Task requirements:
Scan the records beneath this line for the line holding "b), (v, \<not>" and the line holding "w \<Longrightarrow> raag_step", then transcribe exactly those two and all lines between.

= = = =

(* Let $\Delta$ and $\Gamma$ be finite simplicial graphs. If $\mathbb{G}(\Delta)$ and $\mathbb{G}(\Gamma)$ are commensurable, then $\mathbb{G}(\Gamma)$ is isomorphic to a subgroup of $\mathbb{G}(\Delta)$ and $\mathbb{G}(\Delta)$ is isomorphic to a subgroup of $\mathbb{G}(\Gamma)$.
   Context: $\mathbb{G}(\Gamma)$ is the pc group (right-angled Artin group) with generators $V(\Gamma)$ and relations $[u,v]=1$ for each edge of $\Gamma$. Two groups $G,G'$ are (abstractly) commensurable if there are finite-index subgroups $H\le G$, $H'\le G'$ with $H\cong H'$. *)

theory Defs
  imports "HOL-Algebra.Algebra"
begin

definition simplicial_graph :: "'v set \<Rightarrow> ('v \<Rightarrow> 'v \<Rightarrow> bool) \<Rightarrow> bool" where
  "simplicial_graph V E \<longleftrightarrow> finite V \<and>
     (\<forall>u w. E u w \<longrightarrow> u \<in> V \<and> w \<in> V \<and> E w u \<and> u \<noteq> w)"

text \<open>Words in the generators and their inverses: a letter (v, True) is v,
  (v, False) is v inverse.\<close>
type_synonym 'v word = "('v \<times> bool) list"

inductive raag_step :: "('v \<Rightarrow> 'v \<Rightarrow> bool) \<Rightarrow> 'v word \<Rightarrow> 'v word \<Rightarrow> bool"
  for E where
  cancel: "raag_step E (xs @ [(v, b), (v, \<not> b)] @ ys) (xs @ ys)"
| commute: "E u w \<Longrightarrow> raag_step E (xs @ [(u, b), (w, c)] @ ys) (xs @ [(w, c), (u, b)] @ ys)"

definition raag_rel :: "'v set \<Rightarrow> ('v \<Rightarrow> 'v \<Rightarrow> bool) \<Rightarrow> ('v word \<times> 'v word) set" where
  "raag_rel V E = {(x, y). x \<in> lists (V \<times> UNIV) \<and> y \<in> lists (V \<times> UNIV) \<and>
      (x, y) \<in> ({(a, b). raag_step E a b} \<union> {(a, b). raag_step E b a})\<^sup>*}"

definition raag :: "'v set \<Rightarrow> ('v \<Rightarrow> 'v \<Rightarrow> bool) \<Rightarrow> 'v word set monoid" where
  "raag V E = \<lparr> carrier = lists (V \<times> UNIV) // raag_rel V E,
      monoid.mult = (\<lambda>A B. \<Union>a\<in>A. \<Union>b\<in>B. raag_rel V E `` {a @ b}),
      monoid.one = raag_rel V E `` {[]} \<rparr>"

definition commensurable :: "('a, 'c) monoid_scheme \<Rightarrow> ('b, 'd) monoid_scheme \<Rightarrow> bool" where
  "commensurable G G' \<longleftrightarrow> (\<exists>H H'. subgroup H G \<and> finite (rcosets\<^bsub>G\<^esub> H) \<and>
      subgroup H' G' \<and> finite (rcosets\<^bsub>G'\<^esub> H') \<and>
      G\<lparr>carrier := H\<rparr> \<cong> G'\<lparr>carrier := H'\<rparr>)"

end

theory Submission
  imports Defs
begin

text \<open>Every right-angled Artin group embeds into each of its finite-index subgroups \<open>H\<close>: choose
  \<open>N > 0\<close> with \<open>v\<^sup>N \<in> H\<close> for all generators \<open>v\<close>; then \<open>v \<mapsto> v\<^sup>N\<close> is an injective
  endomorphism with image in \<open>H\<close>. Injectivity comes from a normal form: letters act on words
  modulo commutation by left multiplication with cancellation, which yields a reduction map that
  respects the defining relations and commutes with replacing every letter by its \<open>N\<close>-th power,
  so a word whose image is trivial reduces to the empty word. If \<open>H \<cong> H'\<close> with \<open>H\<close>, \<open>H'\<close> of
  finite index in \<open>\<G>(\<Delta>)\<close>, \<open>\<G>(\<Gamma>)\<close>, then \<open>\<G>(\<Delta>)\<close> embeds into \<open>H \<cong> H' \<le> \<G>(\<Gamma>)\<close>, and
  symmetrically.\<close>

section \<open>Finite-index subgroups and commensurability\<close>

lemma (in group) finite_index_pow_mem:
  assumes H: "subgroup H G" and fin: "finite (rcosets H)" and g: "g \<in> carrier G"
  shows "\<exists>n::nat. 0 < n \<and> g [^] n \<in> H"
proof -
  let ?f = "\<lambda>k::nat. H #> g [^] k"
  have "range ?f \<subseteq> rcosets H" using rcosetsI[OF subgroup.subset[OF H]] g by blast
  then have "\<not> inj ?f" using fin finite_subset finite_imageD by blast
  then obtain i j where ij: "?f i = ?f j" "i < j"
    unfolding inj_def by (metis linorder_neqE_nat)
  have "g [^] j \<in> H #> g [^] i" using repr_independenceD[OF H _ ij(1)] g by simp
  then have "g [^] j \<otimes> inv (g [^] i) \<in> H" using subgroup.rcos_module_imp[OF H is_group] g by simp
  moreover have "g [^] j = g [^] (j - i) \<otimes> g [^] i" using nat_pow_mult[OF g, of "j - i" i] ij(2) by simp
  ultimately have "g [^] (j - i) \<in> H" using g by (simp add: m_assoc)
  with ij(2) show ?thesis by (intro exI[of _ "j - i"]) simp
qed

= = = =

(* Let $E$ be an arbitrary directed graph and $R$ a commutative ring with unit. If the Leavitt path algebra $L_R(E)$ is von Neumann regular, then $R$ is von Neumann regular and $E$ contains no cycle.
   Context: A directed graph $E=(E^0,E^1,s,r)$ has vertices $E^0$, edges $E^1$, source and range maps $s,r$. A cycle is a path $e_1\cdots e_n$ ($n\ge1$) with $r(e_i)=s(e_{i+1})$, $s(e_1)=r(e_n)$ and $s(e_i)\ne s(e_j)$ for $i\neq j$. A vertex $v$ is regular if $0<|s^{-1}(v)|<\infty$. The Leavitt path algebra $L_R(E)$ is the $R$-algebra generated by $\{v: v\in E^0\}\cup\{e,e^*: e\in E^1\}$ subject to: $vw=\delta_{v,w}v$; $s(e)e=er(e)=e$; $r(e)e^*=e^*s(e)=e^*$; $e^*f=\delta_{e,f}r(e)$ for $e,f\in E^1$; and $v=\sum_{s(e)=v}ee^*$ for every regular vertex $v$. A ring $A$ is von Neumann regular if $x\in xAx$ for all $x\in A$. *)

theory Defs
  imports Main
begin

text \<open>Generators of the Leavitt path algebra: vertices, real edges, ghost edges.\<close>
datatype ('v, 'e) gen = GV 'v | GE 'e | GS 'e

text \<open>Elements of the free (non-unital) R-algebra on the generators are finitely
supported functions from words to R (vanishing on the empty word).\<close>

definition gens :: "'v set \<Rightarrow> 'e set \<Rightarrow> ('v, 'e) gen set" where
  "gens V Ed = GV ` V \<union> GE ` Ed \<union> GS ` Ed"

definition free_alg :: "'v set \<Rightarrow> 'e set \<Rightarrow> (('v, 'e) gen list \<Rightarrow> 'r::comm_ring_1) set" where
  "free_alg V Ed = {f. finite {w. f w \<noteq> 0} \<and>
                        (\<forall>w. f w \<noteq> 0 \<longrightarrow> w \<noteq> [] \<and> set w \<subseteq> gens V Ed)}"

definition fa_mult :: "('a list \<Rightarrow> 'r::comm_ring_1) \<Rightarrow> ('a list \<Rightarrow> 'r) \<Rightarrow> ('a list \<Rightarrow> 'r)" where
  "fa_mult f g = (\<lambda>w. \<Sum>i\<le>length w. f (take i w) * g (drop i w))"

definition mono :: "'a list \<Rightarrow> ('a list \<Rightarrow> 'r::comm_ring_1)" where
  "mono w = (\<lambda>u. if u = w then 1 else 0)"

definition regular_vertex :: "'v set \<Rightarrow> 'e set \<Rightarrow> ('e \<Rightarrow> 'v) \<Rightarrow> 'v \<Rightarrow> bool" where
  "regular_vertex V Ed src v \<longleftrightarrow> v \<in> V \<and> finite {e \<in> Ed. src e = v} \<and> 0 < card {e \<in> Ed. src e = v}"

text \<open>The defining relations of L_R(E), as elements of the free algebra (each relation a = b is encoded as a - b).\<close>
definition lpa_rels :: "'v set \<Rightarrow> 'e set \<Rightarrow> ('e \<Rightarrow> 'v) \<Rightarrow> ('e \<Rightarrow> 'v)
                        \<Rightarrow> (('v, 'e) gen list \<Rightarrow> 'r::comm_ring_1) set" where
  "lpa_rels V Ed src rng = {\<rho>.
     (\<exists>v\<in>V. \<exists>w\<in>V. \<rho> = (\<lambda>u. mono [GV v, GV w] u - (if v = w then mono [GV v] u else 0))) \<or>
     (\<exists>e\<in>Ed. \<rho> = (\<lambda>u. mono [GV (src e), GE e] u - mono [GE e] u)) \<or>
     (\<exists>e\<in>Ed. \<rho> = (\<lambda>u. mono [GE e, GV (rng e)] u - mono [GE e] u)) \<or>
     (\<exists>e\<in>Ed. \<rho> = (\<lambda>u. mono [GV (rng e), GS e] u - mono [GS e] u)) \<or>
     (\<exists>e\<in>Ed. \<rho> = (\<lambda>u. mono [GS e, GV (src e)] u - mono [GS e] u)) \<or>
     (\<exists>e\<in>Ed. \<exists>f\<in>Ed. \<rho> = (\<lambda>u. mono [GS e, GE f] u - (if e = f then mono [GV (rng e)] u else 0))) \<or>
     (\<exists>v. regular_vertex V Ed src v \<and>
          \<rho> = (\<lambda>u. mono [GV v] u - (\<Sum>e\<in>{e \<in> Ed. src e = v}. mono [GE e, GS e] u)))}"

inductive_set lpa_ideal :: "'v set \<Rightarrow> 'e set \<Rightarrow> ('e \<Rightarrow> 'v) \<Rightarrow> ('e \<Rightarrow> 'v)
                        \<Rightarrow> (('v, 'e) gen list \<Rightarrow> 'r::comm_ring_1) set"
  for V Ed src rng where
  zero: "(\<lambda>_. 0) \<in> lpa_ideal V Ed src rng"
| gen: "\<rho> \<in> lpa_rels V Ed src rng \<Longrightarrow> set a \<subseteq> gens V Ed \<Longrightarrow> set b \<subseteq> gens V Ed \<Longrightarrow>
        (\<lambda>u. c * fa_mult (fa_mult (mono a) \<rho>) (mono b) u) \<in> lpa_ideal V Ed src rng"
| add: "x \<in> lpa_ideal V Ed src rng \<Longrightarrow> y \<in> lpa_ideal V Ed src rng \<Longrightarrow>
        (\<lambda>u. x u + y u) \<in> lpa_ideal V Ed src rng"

= = = =

Task answer:
  cancel: "raag_step E (xs @ [(v, b), (v, \<not> b)] @ ys) (xs @ ys)"
| commute: "E u w \<Longrightarrow> raag_step E (xs @ [(u, b), (w, c)] @ ys) (xs @ [(w, c), (u, b)] @ ys)"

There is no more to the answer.